Senin 10 Aug 2020 04:31 WIB

Akankah Muslim Khasmir Susul Nasib Warga Palestina?

Nasib Muslim Khasmir yang terancam

Muslimah Khasmir dan tentara India.
Foto: theleaflet.in
Muslimah Khasmir dan tentara India.

REPUBLIKA.CO.ID, Inilah kisah kepapaan Muslim di Kashmir India hari terakhir ini. Daerah sejuk dengan pemandangan indah di kaki kawasan Gunung Himalaya ini terus nestapa. Wilayah ini terus jadi rebutan banyak negara.
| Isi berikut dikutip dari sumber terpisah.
lemma average_prod_norm_le:
  fixes d :: "'i \<Rightarrow> 'a::real_normed_vector"
  assumes fin: "finite I" and \<tau>: "\<tau> permutes {1..p}" "\<tau> \<noteq> id"
  shows "(\<Sum>\<sigma>\<in>sign_tuples p I. \<Prod>j\<in>{1..p}. norm (\<Sum>i\<in>I. (\<sigma> j i * \<sigma> (\<tau> j) i) *\<^sub>R d i)) /
      card (sign_tuples p I)
    \<le> norm (\<Sum>i\<in>I. d i) ^ card {j\<in>{1..p}. \<tau> j = j} *
       rademacher_moment p I d ^ (p - card {j\<in>{1..p}. \<tau> j = j})"
proof -
  define F where "F = (\<lambda>\<sigma> j. norm (\<Sum>i\<in>I. (\<sigma> j i * \<sigma> (\<tau> j) i) *\<^sub>R d i))"
  define B where "B = {j\<in>{1..p}. \<tau> j = j}"
  define A where "A = {1..p} - B"
  let ?N = "real (card (sign_tuples p I))"
  have "A \<noteq> {}"
  proof
    assume "A = {}"
    then have "\<tau> j = j" for j
      using permutes_not_in[OF \<tau>(1), of j] unfolding A_def B_def by (cases "j \<in> {1..p}") auto
    then show False using \<tau>(2) by auto
  qed
  then have moved: "(\<Sum>\<sigma>\<in>sign_tuples p I. \<Prod>j\<in>A. F \<sigma> j) / ?N \<le> rademacher_moment p I d ^ card A"
    unfolding F_def using permutes_in_image[OF \<tau>(1)]
    by (intro average_prod_norm_moved_le[OF fin]) (auto simp: A_def B_def)
  have "(\<Prod>j\<in>{1..p}. F \<sigma> j) = norm (\<Sum>i\<in>I. d i) ^ card B * (\<Prod>j\<in>A. F \<sigma> j)"
    if \<sigma>: "\<sigma> \<in> sign_tuples p I" for \<sigma>
  proof -
    have "F \<sigma> j = norm (\<Sum>i\<in>I. d i)" if "j \<in> B" for j
      using that sign_vectors_mult_self[OF sign_tuples_component[OF \<sigma>]]
      unfolding F_def B_def by (auto intro!: arg_cong[where f = norm] sum.cong)
    moreover have "{1..p} = B \<union> A" "B \<inter> A = {}" "finite B" "finite A"
      unfolding A_def B_def by auto
    ultimately show ?thesis by (simp add: prod.union_disjoint)
  qed
  then have "(\<Sum>\<sigma>\<in>sign_tuples p I. \<Prod>j\<in>{1..p}. F \<sigma> j) / ?N =
      norm (\<Sum>i\<in>I. d i) ^ card B * ((\<Sum>\<sigma>\<in>sign_tuples p I. \<Prod>j\<in>A. F \<sigma> j) / ?N)"
    by (simp add: sum_distrib_left)
  also have "\<dots> \<le> norm (\<Sum>i\<in>I. d i) ^ card B * rademacher_moment p I d ^ card A"
    using moved by (rule mult_left_mono) simp
  also have "card A = p - card B"
    unfolding A_def B_def by (subst card_Diff_subset) auto
  finally show ?thesis by (simp add: F_def B_def)
qed

section \<open>Counting permutations by fixed points\<close>

lemma card_fixpoints_le:
  assumes "finite S" "\<tau> permutes S" "\<tau> \<noteq> id"
  shows "card {j\<in>S. \<tau> j = j} \<le> card S - 2"
proof -
  define A where "A = {j\<in>S. \<tau> j \<noteq> j}"
  obtain a where a: "\<tau> a \<noteq> a" using assms(3) by (auto simp: fun_eq_iff)
  then have "a \<in> S" using permutes_not_in[OF assms(2)] by blast
  moreover have "\<tau> (\<tau> a) \<noteq> \<tau> a"
    using a permutes_inj[OF assms(2)] by (metis injD)
  ultimately have "{a, \<tau> a} \<subseteq> A"
    using a permutes_in_image[OF assms(2)] by (simp add: A_def)
  then have "card {a, \<tau> a} \<le> card A"
    using assms(1) by (intro card_mono) (simp_all add: A_def)
  then have "2 \<le> card A" using a by simp
  moreover have "card S = card {j\<in>S. \<tau> j = j} + card A"
  proof -
    have "S = {j\<in>S. \<tau> j = j} \<union> A" "{j\<in>S. \<tau> j = j} \<inter> A = {}" by (auto simp: A_def)
    then show ?thesis using assms(1) card_Un_disjoint by (metis finite_Un)
  qed
  ultimately show ?thesis by linarith
qed

lemma card_permutes_with_fixpoints_le:
  assumes "finite S"
  shows "card {\<tau>. \<tau> permutes S \<and> card {j\<in>S. \<tau> j = j} = s} \<le> (card S choose s) * fact (card S - s)"
proof -
  let ?Fs = "{F. F \<subseteq> S \<and> card F = s}"
  have finFs: "finite ?Fs" by (intro finite_Collect_conjI disjI1 finite_Collect_subsets assms)
  have sub: "{\<tau>. \<tau> permutes S \<and> card {j\<in>S. \<tau> j = j} = s} \<subseteq> (\<Union>F\<in>?Fs. {\<tau>. \<tau> permutes (S - F)})"
  proof
    fix \<tau> assume \<tau>: "\<tau> \<in> {\<tau>. \<tau> permutes S \<and> card {j\<in>S. \<tau> j = j} = s}"
    then have "\<tau> permutes S" by simp
    then have "\<tau> permutes (S - {j\<in>S. \<tau> j = j})"
      by (rule permutes_superset) blast
    moreover have "{j\<in>S. \<tau> j = j} \<in> ?Fs" using \<tau> by auto
    ultimately show "\<tau> \<in> (\<Union>F\<in>?Fs. {\<tau>. \<tau> permutes (S - F)})" by blast
  qed
  have "card {\<tau>. \<tau> permutes S \<and> card {j\<in>S. \<tau> j = j} = s} \<le> card (\<Union>F\<in>?Fs. {\<tau>. \<tau> permutes (S - F)})"
  proof (rule card_mono[OF _ sub])
    show "finite (\<Union>F\<in>?Fs. {\<tau>. \<tau> permutes (S - F)})"
      by (rule finite_UN_I[OF finFs]) (rule finite_permutations, simp add: assms)
  qed
  also have "\<dots> \<le> (\<Sum>F\<in>?Fs. card {\<tau>. \<tau> permutes (S - F)})"
    by (rule card_UN_le[OF finFs])
  also have "\<dots> = (\<Sum>F\<in>?Fs. fact (card S - s))"
  proof (rule sum.cong[OF refl])
    fix F assume "F \<in> ?Fs"
    then have "F \<subseteq> S" "card F = s" by auto
    then have "card (S - F) = card S - s"
      using card_Diff_subset[OF finite_subset[OF _ assms]] by simp
    then show "card {\<tau>. \<tau> permutes (S - F)} = fact (card S - s)"
      using assms by (intro card_permutations) auto
  qed
  also have "\<dots> = (card S choose s) * fact (card S - s)"
    using n_subsets[OF assms, of s] by simp
  finally show ?thesis .
qed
Tak hanya India dan Pakistan yang dari dahulu ikut mengklaim tanah ini wilayhnya, China pun akhir-akhir ini ikut mendakunya.

Sementara warga Khasmir sendiri ingin merdeka. Terlepas dari siapapun. Akibatnya, kini kerapkali muncul konflik berdarah. Rakyat kian menderita saja, terjepit dari segala arah. Ibarat pepatan, ketika para gajah bertarung pelanduk yang mungil ikut meregang nyawa. Tapi hanya wilayahnya dan eksistensinya yang melawang, jiwa pun meminta pamit dari raha.

Kali ini kami kutipkan soal keadaan di Kashmir yang terbaru. Tulisan ini kami kutip dari opini laporan reporter di The Associated Press, Srinagar, pada Selasa 4 Agustus 2020 lalu.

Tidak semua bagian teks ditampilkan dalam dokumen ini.